[Instructions for the task] Please keep to the lines below from the one with "mprod (\<lambda>k. Lcl" through the one with "mat 1 + (SB", and restate them word for word, ends included.

Saved entries:

######

(* Let $A_\star,\hat A\in\mathbb{R}^{n\times n}$, $B_\star,\hat B\in\mathbb{R}^{n\times m}$. For any $P_1,P_2\in\mathbb{S}^n_+$ and any integer $i\ge0$, define $\hat P_{(i)}=\mathcal{R}^{(i)}_{\hat A,\hat B}(P_1)$ and $P_{(i)}=\mathcal{R}^{(i)}_{A_\star,B_\star}(P_2)$. Then $$\hat P_{(i)}-P_{(i)}=\big[\Phi^{(0:i)}_{\hat A,\hat B}(P_1)\big]^\top(P_1-P_2)\,\bar\Phi^{(0:i)}(P_2)+\sum_{j=1}^{i}\big[\Phi^{(i-j+1:i)}_{\hat A,\hat B}(P_1)\big]^\top\mathcal{M}\big(\hat P_{(i-j)},P_{(i-j)}\big)\,\bar\Phi^{(i-j+1:i)}(P_2),$$ where for $P_1,P_2\in\mathbb{S}^n_+$, $$\mathcal{M}(P_1,P_2)=\hat A^\top P_2(I+S_{B_\star}P_2)^{-1}\hat A-A_\star^\top P_2(I+S_{B_\star}P_2)^{-1}A_\star+\hat A^\top(I+P_1S_{\hat B})^{-1}P_2(S_{B_\star}-S_{\hat B})P_2(I+S_{B_\star}P_2)^{-1}\hat A.$$
   Context: $R\in\mathbb{S}^m_{++}$, $Q\in\mathbb{S}^n_+$. $S_B=BR^{-1}B^\top$. Riccati map $\mathcal{R}_{A,B}(P)=A^\top P(I+S_BP)^{-1}A+Q$ on $\mathbb{S}^n_+$, iterates $\mathcal{R}^{(0)}_{A,B}=\mathrm{id}$, $\mathcal{R}^{(i+1)}_{A,B}=\mathcal{R}_{A,B}\circ\mathcal{R}^{(i)}_{A,B}$. $\mathcal{K}_{A,B}(F)=(R+B^\top FB)^{-1}B^\top FA$ and $\mathcal{L}_{A,B}(P)=(I+S_BP)^{-1}A=A-B\mathcal{K}_{A,B}(P)$. For integers $0\le j\le i$: $\Phi^{(j:i)}_{A,B}(P)=\mathcal{L}_{A,B}(\mathcal{R}^{(j)}_{A,B}(P))\cdots\mathcal{L}_{A,B}(\mathcal{R}^{(i-1)}_{A,B}(P))$ if $i>j$, and $=I$ if $i=j$. Define $\mathcal{W}(P)=I+(S_{B_\star}-S_{\hat B})P$, $\mathcal{H}(P)=(I+S_{B_\star}P)^{-1}(\hat A-A_\star)$, $\bar{\mathcal{L}}(P)=\mathcal{W}(P)[\mathcal{H}(P)+\mathcal{L}_{A_\star,B_\star}(P)]$, and $\bar\Phi^{(j:i)}(P)=\bar{\mathcal{L}}(\mathcal{R}^{(j)}_{A_\star,B_\star}(P))\cdots\bar{\mathcal{L}}(\mathcal{R}^{(i-1)}_{A_\star,B_\star}(P))$ if $i>j$, and $=I$ if $i=j$. *)

theory Defs
  imports "HOL-Analysis.Analysis"
begin

(* Matrices: real^'c^'r is an 'r x 'c matrix; n = CARD('n), m = CARD('m). *)

definition psd :: "real^'n^'n \<Rightarrow> bool" where
  "psd P \<longleftrightarrow> transpose P = P \<and> (\<forall>x. 0 \<le> x \<bullet> (P *v x))"

definition pd :: "real^'n^'n \<Rightarrow> bool" where
  "pd P \<longleftrightarrow> transpose P = P \<and> (\<forall>x. x \<noteq> 0 \<longrightarrow> 0 < x \<bullet> (P *v x))"

definition SB :: "real^'m^'m \<Rightarrow> real^'m^'n \<Rightarrow> real^'n^'n" where
  "SB R B = B ** matrix_inv R ** transpose B"

definition ric :: "real^'m^'m \<Rightarrow> real^'n^'n \<Rightarrow> real^'n^'n \<Rightarrow> real^'m^'n \<Rightarrow> real^'n^'n \<Rightarrow> real^'n^'n" where
  "ric R Q A B P = transpose A ** P ** matrix_inv (mat 1 + SB R B ** P) ** A + Q"

definition ric_iter :: "real^'m^'m \<Rightarrow> real^'n^'n \<Rightarrow> real^'n^'n \<Rightarrow> real^'m^'n \<Rightarrow> nat \<Rightarrow> real^'n^'n \<Rightarrow> real^'n^'n" where
  "ric_iter R Q A B i = (ric R Q A B ^^ i)"

definition Kgain :: "real^'m^'m \<Rightarrow> real^'n^'n \<Rightarrow> real^'m^'n \<Rightarrow> real^'n^'n \<Rightarrow> real^'n^'m" where
  "Kgain R A B F = matrix_inv (R + transpose B ** F ** B) ** transpose B ** F ** A"

definition Lcl :: "real^'m^'m \<Rightarrow> real^'n^'n \<Rightarrow> real^'m^'n \<Rightarrow> real^'n^'n \<Rightarrow> real^'n^'n" where
  "Lcl R A B P = matrix_inv (mat 1 + SB R B ** P) ** A"

(* ordered product M_j ** M_{j+1} ** ... ** M_{i-1}; identity if i <= j *)
definition mprod :: "(nat \<Rightarrow> real^'n^'n) \<Rightarrow> nat \<Rightarrow> nat \<Rightarrow> real^'n^'n" where
  "mprod f j i = foldr (\<lambda>k M. f k ** M) [j..<i] (mat 1)"

definition Phi :: "real^'m^'m \<Rightarrow> real^'n^'n \<Rightarrow> real^'n^'n \<Rightarrow> real^'m^'n \<Rightarrow> nat \<Rightarrow> nat \<Rightarrow> real^'n^'n \<Rightarrow> real^'n^'n" where
  "Phi R Q A B j i P = mprod (\<lambda>k. Lcl R A B (ric_iter R Q A B k P)) j i"

definition Wm :: "real^'m^'m \<Rightarrow> real^'m^'n \<Rightarrow> real^'m^'n \<Rightarrow> real^'n^'n \<Rightarrow> real^'n^'n" where
  "Wm R Bs Bh P = mat 1 + (SB R Bs - SB R Bh) ** P"

definition Hm :: "real^'m^'m \<Rightarrow> real^'n^'n \<Rightarrow> real^'m^'n \<Rightarrow> real^'n^'n \<Rightarrow> real^'n^'n \<Rightarrow> real^'n^'n" where
  "Hm R As Bs Ah P = matrix_inv (mat 1 + SB R Bs ** P) ** (Ah - As)"

definition Lbar :: "real^'m^'m \<Rightarrow> real^'n^'n \<Rightarrow> real^'m^'n \<Rightarrow> real^'n^'n \<Rightarrow> real^'m^'n \<Rightarrow> real^'n^'n \<Rightarrow> real^'n^'n" where
  "Lbar R As Bs Ah Bh P = Wm R Bs Bh P ** (Hm R As Bs Ah P + Lcl R As Bs P)"

definition Phibar :: "real^'m^'m \<Rightarrow> real^'n^'n \<Rightarrow> real^'n^'n \<Rightarrow> real^'m^'n \<Rightarrow> real^'n^'n \<Rightarrow> real^'m^'n \<Rightarrow> nat \<Rightarrow> nat \<Rightarrow> real^'n^'n \<Rightarrow> real^'n^'n" where
  "Phibar R Q As Bs Ah Bh j i P = mprod (\<lambda>k. Lbar R As Bs Ah Bh (ric_iter R Q As Bs k P)) j i"

definition Mm :: "real^'m^'m \<Rightarrow> real^'n^'n \<Rightarrow> real^'m^'n \<Rightarrow> real^'n^'n \<Rightarrow> real^'m^'n \<Rightarrow> real^'n^'n \<Rightarrow> real^'n^'n \<Rightarrow> real^'n^'n" where
  "Mm R As Bs Ah Bh P1 P2 =
     transpose Ah ** P2 ** matrix_inv (mat 1 + SB R Bs ** P2) ** Ah
   - transpose As ** P2 ** matrix_inv (mat 1 + SB R Bs ** P2) ** As
   + transpose Ah ** matrix_inv (mat 1 + P1 ** SB R Bh) ** P2 ** (SB R Bs - SB R Bh) ** P2
       ** matrix_inv (mat 1 + SB R Bs ** P2) ** Ah"

end

theory Submission imports Defs begin

text \<open>
  Write \<open>P\<^sub>k\<close> and \<open>P\<^sub>k'\<close> for the iterates of the two Riccati maps.  Since both maps
  share \<open>Q\<close>, one step satisfies
  \<open>P\<^sub>k\<^sub>+\<^sub>1' - P\<^sub>k\<^sub>+\<^sub>1 = L(P\<^sub>k')\<^sup>T (P\<^sub>k' - P\<^sub>k) Lbar(P\<^sub>k) + M(P\<^sub>k', P\<^sub>k)\<close>.
  This is a purely algebraic identity once \<open>P (I + S P)\<^sup>-\<^sup>1\<close> is rewritten as \<open>(I + P S)\<^sup>-\<^sup>1 P\<close>
  and \<open>H(P) + L(P)\<close> is collapsed to \<open>(I + S\<^sub>\<star> P)\<^sup>-\<^sup>1 A'\<close>.  Unrolling this linear recursion
  for the differences gives the closed form.  The Riccati map preserves positive
  semidefiniteness, and \<open>I + S P\<close> is invertible for positive semidefinite \<open>S, P\<close>, so every
  \<open>matrix_inv\<close> that occurs is a genuine inverse.
\<close>

lemma matrix_add_rdistrib: "((A::real^'n^'m) + B) ** (C::real^'p^'n) = A ** C + B ** C"
  by (vector matrix_matrix_mult_def sum.distrib[symmetric] field_simps)

lemma matrix_diff_ldistrib: "(A::real^'n^'m) ** ((B::real^'p^'n) - C) = A ** B - A ** C"
  by (vector matrix_matrix_mult_def sum_subtractf[symmetric] field_simps)

lemma matrix_diff_rdistrib: "((A::real^'n^'m) - B) ** (C::real^'p^'n) = A ** C - B ** C"
  by (vector matrix_matrix_mult_def sum_subtractf[symmetric] field_simps)

lemma transpose_add: "transpose ((A::real^'n^'m) + B) = transpose A + transpose B"
  by (simp add: transpose_def vec_eq_iff)

lemma matrix_mul_sum_right: "(A::real^'n^'m) ** (\<Sum>k\<in>K. (F k::real^'p^'n)) = (\<Sum>k\<in>K. A ** F k)"
  by (induct K rule: infinite_finite_induct) (auto simp: matrix_add_ldistrib)

lemma matrix_mul_sum_left: "(\<Sum>k\<in>K. (F k::real^'n^'m)) ** (A::real^'p^'n) = (\<Sum>k\<in>K. F k ** A)"
  by (induct K rule: infinite_finite_induct) (auto simp: matrix_add_rdistrib)

lemma inner_matrix_vector_mult_transpose: "x \<bullet> ((A::real^'n^'m) *v y) = (transpose A *v x) \<bullet> y"
  by (simp add: dot_lmul_matrix)

lemma transpose_mul3:
  "transpose ((A::real^'n^'m) ** (B::real^'p^'n) ** (C::real^'q^'p)) = transpose C ** transpose B ** transpose A"
  by (simp add: matrix_transpose_mul matrix_mul_assoc)

lemma matrix_inv_right_left:
  assumes "invertible (X::real^'n^'n)"
  shows matrix_inv_right: "X ** matrix_inv X = mat 1"
    and matrix_inv_left: "matrix_inv X ** X = mat 1"
proof -
  have "\<exists>X'. X ** X' = mat 1 \<and> X' ** X = mat 1" using assms invertible_def by blast
  hence "X ** matrix_inv X = mat 1 \<and> matrix_inv X ** X = mat 1"
    unfolding matrix_inv_def by (rule someI_ex)
  thus "X ** matrix_inv X = mat 1" "matrix_inv X ** X = mat 1" by auto
qed

lemma matrix_inv_unique_left:
  assumes "invertible (X::real^'n^'n)" "Y ** X = mat 1"
  shows "matrix_inv X = Y"
  by (metis assms matrix_inv_right matrix_mul_assoc matrix_mul_lid matrix_mul_rid)

lemma transpose_matrix_inv:
  assumes "invertible (X::real^'n^'n)"
  shows "transpose (matrix_inv X) = matrix_inv (transpose X)"
proof -
  have "transpose (matrix_inv X) ** transpose X = mat 1"
    by (metis assms matrix_inv_right matrix_transpose_mul transpose_mat)
  thus ?thesis by (metis matrix_inv_unique_left transpose_invertible assms)
qed

lemma invertible_if_kernel_trivial:
  assumes "\<And>x. (X::real^'n^'n) *v x = 0 \<Longrightarrow> x = 0"
  shows "invertible X"
  using assms invertible_left_inverse matrix_left_invertible_ker by blast

lemma matrix_inv_push_through:
  fixes P S :: "real^'n^'n"
  assumes "invertible (mat 1 + P ** S)" and "invertible (mat 1 + S ** P)"
  shows "P ** matrix_inv (mat 1 + S ** P) = matrix_inv (mat 1 + P ** S) ** P"
proof -
  let ?Xi = "matrix_inv (mat 1 + P ** S)" and ?Zi = "matrix_inv (mat 1 + S ** P)"
  have swap: "(mat 1 + P ** S) ** P = P ** (mat 1 + S ** P)"
    by (simp add: matrix_add_rdistrib matrix_add_ldistrib matrix_mul_assoc)
  have "P ** ?Zi = ?Xi ** ((mat 1 + P ** S) ** P) ** ?Zi"
    by (simp add: matrix_inv_left[OF assms(1)] matrix_mul_assoc)
  also have "\<dots> = ?Xi ** P ** ((mat 1 + S ** P) ** ?Zi)" by (simp add: swap matrix_mul_assoc)
  also have "\<dots> = ?Xi ** P" by (simp add: matrix_inv_right[OF assms(2)])
  finally show ?thesis .
qed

######

[Result]
  "Phi R Q A B j i P = mprod (\<lambda>k. Lcl R A B (ric_iter R Q A B k P)) j i"

definition Wm :: "real^'m^'m \<Rightarrow> real^'m^'n \<Rightarrow> real^'m^'n \<Rightarrow> real^'n^'n \<Rightarrow> real^'n^'n" where
  "Wm R Bs Bh P = mat 1 + (SB R Bs - SB R Bh) ** P"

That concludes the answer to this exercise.